→ What this task involves
Which of the lines below contain the string "lambda"? Pull each one out of the data.

Stored data:
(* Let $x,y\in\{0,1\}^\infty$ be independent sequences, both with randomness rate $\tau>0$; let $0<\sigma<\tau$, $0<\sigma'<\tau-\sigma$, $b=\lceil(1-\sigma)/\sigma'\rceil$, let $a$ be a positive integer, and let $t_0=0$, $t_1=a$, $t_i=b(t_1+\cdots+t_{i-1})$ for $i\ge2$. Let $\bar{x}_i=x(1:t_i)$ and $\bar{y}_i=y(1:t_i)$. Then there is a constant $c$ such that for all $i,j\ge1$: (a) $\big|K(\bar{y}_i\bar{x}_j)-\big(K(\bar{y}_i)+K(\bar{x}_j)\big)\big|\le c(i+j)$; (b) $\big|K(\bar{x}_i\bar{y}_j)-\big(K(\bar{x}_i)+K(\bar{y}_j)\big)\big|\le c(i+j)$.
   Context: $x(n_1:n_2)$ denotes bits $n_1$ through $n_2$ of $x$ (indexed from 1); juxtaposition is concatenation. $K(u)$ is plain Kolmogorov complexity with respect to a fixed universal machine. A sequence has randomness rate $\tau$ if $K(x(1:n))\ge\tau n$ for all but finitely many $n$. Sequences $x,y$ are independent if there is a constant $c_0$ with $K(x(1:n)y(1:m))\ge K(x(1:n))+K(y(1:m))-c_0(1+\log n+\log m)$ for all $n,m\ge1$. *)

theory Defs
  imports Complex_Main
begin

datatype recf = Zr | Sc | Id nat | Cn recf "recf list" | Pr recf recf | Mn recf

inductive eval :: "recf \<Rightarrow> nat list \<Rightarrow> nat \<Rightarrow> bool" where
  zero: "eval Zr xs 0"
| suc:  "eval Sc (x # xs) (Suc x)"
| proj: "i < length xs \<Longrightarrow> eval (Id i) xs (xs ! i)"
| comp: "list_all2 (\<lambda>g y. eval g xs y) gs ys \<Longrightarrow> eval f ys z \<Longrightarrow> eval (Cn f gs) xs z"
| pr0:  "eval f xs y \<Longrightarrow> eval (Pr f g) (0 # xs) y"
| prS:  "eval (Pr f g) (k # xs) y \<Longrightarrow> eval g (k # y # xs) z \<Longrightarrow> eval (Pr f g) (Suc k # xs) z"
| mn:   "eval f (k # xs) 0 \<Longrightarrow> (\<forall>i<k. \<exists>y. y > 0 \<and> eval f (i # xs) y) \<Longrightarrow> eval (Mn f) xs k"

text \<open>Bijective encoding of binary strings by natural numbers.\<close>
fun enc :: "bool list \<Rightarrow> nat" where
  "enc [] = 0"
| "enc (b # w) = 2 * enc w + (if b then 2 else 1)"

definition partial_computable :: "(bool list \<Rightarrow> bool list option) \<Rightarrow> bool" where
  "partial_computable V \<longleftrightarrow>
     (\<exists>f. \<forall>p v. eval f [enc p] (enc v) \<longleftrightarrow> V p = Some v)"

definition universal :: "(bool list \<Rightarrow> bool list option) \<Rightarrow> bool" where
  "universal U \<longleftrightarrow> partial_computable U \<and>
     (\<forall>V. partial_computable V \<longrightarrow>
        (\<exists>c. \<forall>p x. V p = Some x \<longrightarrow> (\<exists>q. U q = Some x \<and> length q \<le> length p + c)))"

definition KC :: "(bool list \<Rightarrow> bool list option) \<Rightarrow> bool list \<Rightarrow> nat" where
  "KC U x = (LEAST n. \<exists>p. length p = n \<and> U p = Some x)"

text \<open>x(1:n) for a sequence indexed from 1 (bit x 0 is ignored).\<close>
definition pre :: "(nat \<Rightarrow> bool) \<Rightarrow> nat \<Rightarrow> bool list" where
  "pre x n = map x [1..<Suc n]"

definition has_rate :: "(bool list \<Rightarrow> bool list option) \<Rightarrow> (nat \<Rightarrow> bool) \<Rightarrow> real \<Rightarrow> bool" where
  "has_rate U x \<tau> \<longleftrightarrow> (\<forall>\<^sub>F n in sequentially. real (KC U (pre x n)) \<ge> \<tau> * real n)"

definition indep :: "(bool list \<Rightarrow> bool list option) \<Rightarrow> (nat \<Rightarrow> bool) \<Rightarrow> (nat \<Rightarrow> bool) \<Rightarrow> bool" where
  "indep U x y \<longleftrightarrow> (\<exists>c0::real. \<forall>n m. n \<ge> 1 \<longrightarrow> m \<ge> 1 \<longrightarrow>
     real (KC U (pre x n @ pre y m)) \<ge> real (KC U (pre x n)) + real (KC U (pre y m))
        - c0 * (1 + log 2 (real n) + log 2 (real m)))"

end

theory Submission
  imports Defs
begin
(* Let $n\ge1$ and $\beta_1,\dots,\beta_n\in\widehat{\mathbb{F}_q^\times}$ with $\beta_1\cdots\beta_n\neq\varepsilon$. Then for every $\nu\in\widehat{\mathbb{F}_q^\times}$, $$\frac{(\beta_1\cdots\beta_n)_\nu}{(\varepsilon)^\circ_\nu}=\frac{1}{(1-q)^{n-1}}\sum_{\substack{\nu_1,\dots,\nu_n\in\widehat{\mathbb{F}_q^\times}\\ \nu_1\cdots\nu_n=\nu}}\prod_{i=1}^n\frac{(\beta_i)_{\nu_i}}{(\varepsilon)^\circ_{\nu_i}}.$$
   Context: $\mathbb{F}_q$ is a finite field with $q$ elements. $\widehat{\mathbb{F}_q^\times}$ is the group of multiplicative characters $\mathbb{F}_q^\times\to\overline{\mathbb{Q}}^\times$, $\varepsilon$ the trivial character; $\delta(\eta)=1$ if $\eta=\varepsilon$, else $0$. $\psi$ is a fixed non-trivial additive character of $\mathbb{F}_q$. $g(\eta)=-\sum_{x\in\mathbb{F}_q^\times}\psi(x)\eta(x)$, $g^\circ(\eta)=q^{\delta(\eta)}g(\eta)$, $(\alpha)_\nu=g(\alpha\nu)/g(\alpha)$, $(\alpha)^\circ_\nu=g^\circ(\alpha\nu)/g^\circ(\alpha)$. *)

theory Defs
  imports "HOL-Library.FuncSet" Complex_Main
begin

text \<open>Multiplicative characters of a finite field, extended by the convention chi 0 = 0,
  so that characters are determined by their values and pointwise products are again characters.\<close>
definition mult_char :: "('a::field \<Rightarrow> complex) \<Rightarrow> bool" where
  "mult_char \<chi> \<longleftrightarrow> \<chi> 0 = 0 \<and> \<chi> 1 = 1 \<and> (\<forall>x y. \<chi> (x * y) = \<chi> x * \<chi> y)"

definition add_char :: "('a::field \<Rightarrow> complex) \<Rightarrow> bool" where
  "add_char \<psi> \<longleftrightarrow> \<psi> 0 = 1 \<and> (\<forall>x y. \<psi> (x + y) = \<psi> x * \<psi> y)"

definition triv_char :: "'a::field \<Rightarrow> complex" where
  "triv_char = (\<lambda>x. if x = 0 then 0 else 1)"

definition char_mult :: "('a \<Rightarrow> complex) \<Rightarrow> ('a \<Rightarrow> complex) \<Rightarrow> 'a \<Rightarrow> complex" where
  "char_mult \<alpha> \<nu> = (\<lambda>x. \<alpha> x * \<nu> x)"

→ Task response
| comp: "list_all2 (\<lambda>g y. eval g xs y) gs ys \<Longrightarrow> eval f ys z \<Longrightarrow> eval (Cn f gs) xs z"
  "triv_char = (\<lambda>x. if x = 0 then 0 else 1)"
  "char_mult \<alpha> \<nu> = (\<lambda>x. \<alpha> x * \<nu> x)"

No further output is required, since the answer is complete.